• _WORK TASK_
Copy out the entries exactly. Print them in full.
——————
lemma funpow_rotation:
  assumes rot: "\<And>y. y \<in> {c..<c + int n} \<Longrightarrow> f y = (y - c + 1) mod int n + c"
    and x: "x \<in> {c..<c + int n}"
  shows "(f ^^ k) x = (x - c + int k) mod int n + c"
proof (induction k)
  case 0
  then show ?case using x by simp
next
  case (Suc k)
  have "int n > 0" using x by simp
  then have "(f ^^ k) x \<in> {c..<c + int n}"
    using Suc by simp
  then have "(f ^^ Suc k) x = ((x - c + int k) mod int n + 1) mod int n + c"
    using Suc rot by simp
  also have "\<dots> = (x - c + int k + 1) mod int n + c"
    by (simp add: mod_add_left_eq)
  finally show ?case by (simp add: ac_simps)
qed

lemma cyc_rotation:
  assumes rot: "\<And>y. y \<in> {c..<c + int n} \<Longrightarrow> f y = (y - c + 1) mod int n + c"
    and x: "x \<in> {c..<c + int n}"
  shows "cyc f x = {c..<c + int n}"
proof
  have n: "int n > 0" using x by simp
  have pow: "(f ^^ k) x = (x - c + int k) mod int n + c" for k
    using rot x by (rule funpow_rotation)
  show "cyc f x \<subseteq> {c..<c + int n}"
  proof
    fix y assume "y \<in> cyc f x"
    then obtain k where "y = (x - c + int k) mod int n + c"
      unfolding cyc_def pow by blast
    then show "y \<in> {c..<c + int n}"
      using n by simp
  qed
  show "{c..<c + int n} \<subseteq> cyc f x"
  proof
    fix z assume z: "z \<in> {c..<c + int n}"
    have "(x - c + (z - x) mod int n) mod int n = (z - c) mod int n"
      by (simp add: mod_add_right_eq)
    then have "z = (f ^^ nat ((z - x) mod int n)) x"
      using n z by (simp add: pow)
    then show "z \<in> cyc f x"
      unfolding cyc_def by blast
  qed
qed

lemma gen_group_comp:
  assumes "t \<in> gen_group Gs" and "s \<in> gen_group Gs"
  shows "s \<circ> t \<in> gen_group Gs"
  using assms
proof (induction rule: gen_group.induct)
  case gen_id
  then show ?case by simp
next
  case (gen_mult t g)
  then show ?case by (metis comp_assoc gen_group.gen_mult)
next
  case (gen_mult_inv t g)
  then show ?case by (metis comp_assoc gen_group.gen_mult_inv)
qed

lemma gen_group_funpow:
  assumes "g \<in> Gs"
  shows "g ^^ k \<in> gen_group Gs"
proof (induction k)
  case 0
  show ?case unfolding funpow_simps_right(1) by (rule gen_id)
next
  case (Suc k)
  show ?case
    using gen_mult[OF Suc assms] unfolding funpow_Suc_right .
qed

lemma gen_group_preserves:
  assumes "\<And>g x. g \<in> Gs \<Longrightarrow> x \<in> P \<Longrightarrow> g x \<in> P \<and> inv g x \<in> P"
  shows "s \<in> gen_group Gs \<Longrightarrow> x \<in> P \<Longrightarrow> s x \<in> P"
  by (induction arbitrary: x rule: gen_group.induct) (simp_all add: assms)

definition neg :: "nat \<Rightarrow> int set" where
  "neg n = {-int n..-1}"

definition one_tilde_inv :: "nat \<Rightarrow> int \<Rightarrow> int" where
  "one_tilde_inv n x = (if x \<in> pm n then
      (if x > 0 then (if x = 1 then int n else x - 1)
       else (if x = - int n then -1 else x - 1))
    else x)"

lemma pm_eq_pos_Un_neg: "pm n = pos n \<union> neg n"
  by (auto simp: pm_def pos_def neg_def)

lemma pos_Int_neg: "pos n \<inter> neg n = {}"
  by (auto simp: pos_def neg_def)

lemma uminus_in_pm_iff [simp]: "- x \<in> pm n \<longleftrightarrow> x \<in> pm n"
  by (simp add: pm_def)

lemma uminus_in_pos_iff: "- x \<in> pos n \<longleftrightarrow> x \<in> neg n"
  by (auto simp: pos_def neg_def)

lemma finite_pm: "finite (pm n)"
  by (simp add: pm_eq_pos_Un_neg pos_def neg_def)

lemma card_pm: "card (pm n) = 2 * n"
  by (simp add: pm_eq_pos_Un_neg pos_def neg_def card_Un_disjoint)

lemma tau0_apply: "x \<in> pm n \<Longrightarrow> tau0 n x = - x"
  by (simp add: tau0_def)

lemma tau0_tau0: "tau0 n (tau0 n x) = x"
  by (simp add: tau0_def)

lemma tau0_comp_tau0: "tau0 n \<circ> tau0 n = id"
  by (simp add: fun_eq_iff tau0_tau0)

lemma tau0_in_pm_iff: "tau0 n x \<in> pm n \<longleftrightarrow> x \<in> pm n"
  by (simp add: tau0_def)

lemma tau0_permutes: "tau0 n permutes pm n"
  unfolding permutes_def by (metis tau0_def tau0_tau0)

lemma tau2_eq_tau0_comp: "tau2 n = tau0 n \<circ> one_tilde_inv n"
  by (auto simp: fun_eq_iff tau2_def tau0_def one_tilde_inv_def pm_def)

lemma tau0_one_tilde_tau0: "tau0 n \<circ> one_tilde n \<circ> tau0 n = one_tilde_inv n"
proof
  fix x
  show "(tau0 n \<circ> one_tilde n \<circ> tau0 n) x = one_tilde_inv n x"
    by (cases "x \<in> pm n"; cases "x > 0")
      (auto simp: one_tilde_def tau0_def one_tilde_inv_def pm_def)
qed

lemma inv_one_tilde: "inv (one_tilde n) = one_tilde_inv n"
  by (rule inv_unique_comp) (auto simp: fun_eq_iff one_tilde_def one_tilde_inv_def pm_def)

lemma cyc_one_tilde_pos:
  assumes "x \<in> pos n"
  shows "cyc (one_tilde n) x = pos n"
proof -
  have pos: "pos n = {1..<1 + int n}" by (auto simp: pos_def)
  have "one_tilde n y = (y - 1 + 1) mod int n + 1" if "y \<in> {1..<1 + int n}" for y
    using that by (auto simp: one_tilde_def pm_def)
  then show ?thesis
    using cyc_rotation assms unfolding pos by blast
qed

lemma cyc_one_tilde_neg:
  assumes "x \<in> neg n"
  shows "cyc (one_tilde n) x = neg n"
proof -
  have neg: "neg n = {- int n..<- int n + int n}" by (auto simp: neg_def)
  have "one_tilde n y = (y - - int n + 1) mod int n + - int n"
    if "y \<in> {- int n..<- int n + int n}" for y
    using that by (auto simp: one_tilde_def pm_def)
  then show ?thesis
    using cyc_rotation assms unfolding neg by blast
qed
——————
• _RESPONSE BOX_
lemma funpow_rotation:
  assumes rot: "\<And>y. y \<in> {c..<c + int n} \<Longrightarrow> f y = (y - c + 1) mod int n + c"
    and x: "x \<in> {c..<c + int n}"
  shows "(f ^^ k) x = (x - c + int k) mod int n + c"
proof (induction k)
  case 0
  then show ?case using x by simp
next
  case (Suc k)
  have "int n > 0" using x by simp
  then have "(f ^^ k) x \<in> {c..<c + int n}"
    using Suc by simp
  then have "(f ^^ Suc k) x = ((x - c + int k) mod int n + 1) mod int n + c"
    using Suc rot by simp
  also have "\<dots> = (x - c + int k + 1) mod int n + c"
    by (simp add: mod_add_left_eq)
  finally show ?case by (simp add: ac_simps)
qed

lemma cyc_rotation:
  assumes rot: "\<And>y. y \<in> {c..<c + int n} \<Longrightarrow> f y = (y - c + 1) mod int n + c"
    and x: "x \<in> {c..<c + int n}"
  shows "cyc f x = {c..<c + int n}"
proof
  have n: "int n > 0" using x by simp
  have pow: "(f ^^ k) x = (x - c + int k) mod int n + c" for k
    using rot x by (rule funpow_rotation)
  show "cyc f x \<subseteq> {c..<c + int n}"
  proof
    fix y assume "y \<in> cyc f x"
    then obtain k where "y = (x - c + int k) mod int n + c"
      unfolding cyc_def pow by blast
    then show "y \<in> {c..<c + int n}"
      using n by simp
  qed
  show "{c..<c + int n} \<subseteq> cyc f x"
  proof
    fix z assume z: "z \<in> {c..<c + int n}"
    have "(x - c + (z - x) mod int n) mod int n = (z - c) mod int n"
      by (simp add: mod_add_right_eq)
    then have "z = (f ^^ nat ((z - x) mod int n)) x"
      using n z by (simp add: pow)
    then show "z \<in> cyc f x"
      unfolding cyc_def by blast
  qed
qed

lemma gen_group_comp:
  assumes "t \<in> gen_group Gs" and "s \<in> gen_group Gs"
  shows "s \<circ> t \<in> gen_group Gs"
  using assms
proof (induction rule: gen_group.induct)
  case gen_id
  then show ?case by simp
next
  case (gen_mult t g)
  then show ?case by (metis comp_assoc gen_group.gen_mult)
next
  case (gen_mult_inv t g)
  then show ?case by (metis comp_assoc gen_group.gen_mult_inv)
qed

lemma gen_group_funpow:
  assumes "g \<in> Gs"
  shows "g ^^ k \<in> gen_group Gs"
proof (induction k)
  case 0
  show ?case unfolding funpow_simps_right(1) by (rule gen_id)
next
  case (Suc k)
  show ?case
    using gen_mult[OF Suc assms] unfolding funpow_Suc_right .
qed

lemma gen_group_preserves:
  assumes "\<And>g x. g \<in> Gs \<Longrightarrow> x \<in> P \<Longrightarrow> g x \<in> P \<and> inv g x \<in> P"
  shows "s \<in> gen_group Gs \<Longrightarrow> x \<in> P \<Longrightarrow> s x \<in> P"
  by (induction arbitrary: x rule: gen_group.induct) (simp_all add: assms)

definition neg :: "nat \<Rightarrow> int set" where
  "neg n = {-int n..-1}"

definition one_tilde_inv :: "nat \<Rightarrow> int \<Rightarrow> int" where
  "one_tilde_inv n x = (if x \<in> pm n then
      (if x > 0 then (if x = 1 then int n else x - 1)
       else (if x = - int n then -1 else x - 1))
    else x)"

lemma pm_eq_pos_Un_neg: "pm n = pos n \<union> neg n"
  by (auto simp: pm_def pos_def neg_def)

lemma pos_Int_neg: "pos n \<inter> neg n = {}"
  by (auto simp: pos_def neg_def)

lemma uminus_in_pm_iff [simp]: "- x \<in> pm n \<longleftrightarrow> x \<in> pm n"
  by (simp add: pm_def)

lemma uminus_in_pos_iff: "- x \<in> pos n \<longleftrightarrow> x \<in> neg n"
  by (auto simp: pos_def neg_def)

lemma finite_pm: "finite (pm n)"
  by (simp add: pm_eq_pos_Un_neg pos_def neg_def)

lemma card_pm: "card (pm n) = 2 * n"
  by (simp add: pm_eq_pos_Un_neg pos_def neg_def card_Un_disjoint)

lemma tau0_apply: "x \<in> pm n \<Longrightarrow> tau0 n x = - x"
  by (simp add: tau0_def)

lemma tau0_tau0: "tau0 n (tau0 n x) = x"
  by (simp add: tau0_def)

lemma tau0_comp_tau0: "tau0 n \<circ> tau0 n = id"
  by (simp add: fun_eq_iff tau0_tau0)

lemma tau0_in_pm_iff: "tau0 n x \<in> pm n \<longleftrightarrow> x \<in> pm n"
  by (simp add: tau0_def)

lemma tau0_permutes: "tau0 n permutes pm n"
  unfolding permutes_def by (metis tau0_def tau0_tau0)

lemma tau2_eq_tau0_comp: "tau2 n = tau0 n \<circ> one_tilde_inv n"
  by (auto simp: fun_eq_iff tau2_def tau0_def one_tilde_inv_def pm_def)

lemma tau0_one_tilde_tau0: "tau0 n \<circ> one_tilde n \<circ> tau0 n = one_tilde_inv n"
proof
  fix x
  show "(tau0 n \<circ> one_tilde n \<circ> tau0 n) x = one_tilde_inv n x"
    by (cases "x \<in> pm n"; cases "x > 0")
      (auto simp: one_tilde_def tau0_def one_tilde_inv_def pm_def)
qed

lemma inv_one_tilde: "inv (one_tilde n) = one_tilde_inv n"
  by (rule inv_unique_comp) (auto simp: fun_eq_iff one_tilde_def one_tilde_inv_def pm_def)

lemma cyc_one_tilde_pos:
  assumes "x \<in> pos n"
  shows "cyc (one_tilde n) x = pos n"
proof -
  have pos: "pos n = {1..<1 + int n}" by (auto simp: pos_def)
  have "one_tilde n y = (y - 1 + 1) mod int n + 1" if "y \<in> {1..<1 + int n}" for y
    using that by (auto simp: one_tilde_def pm_def)
  then show ?thesis
    using cyc_rotation assms unfolding pos by blast
qed

lemma cyc_one_tilde_neg:
  assumes "x \<in> neg n"
  shows "cyc (one_tilde n) x = neg n"
proof -
  have neg: "neg n = {- int n..<- int n + int n}" by (auto simp: neg_def)
  have "one_tilde n y = (y - - int n + 1) mod int n + - int n"
    if "y \<in> {- int n..<- int n + int n}" for y
    using that by (auto simp: one_tilde_def pm_def)
  then show ?thesis
    using cyc_rotation assms unfolding neg by blast
qed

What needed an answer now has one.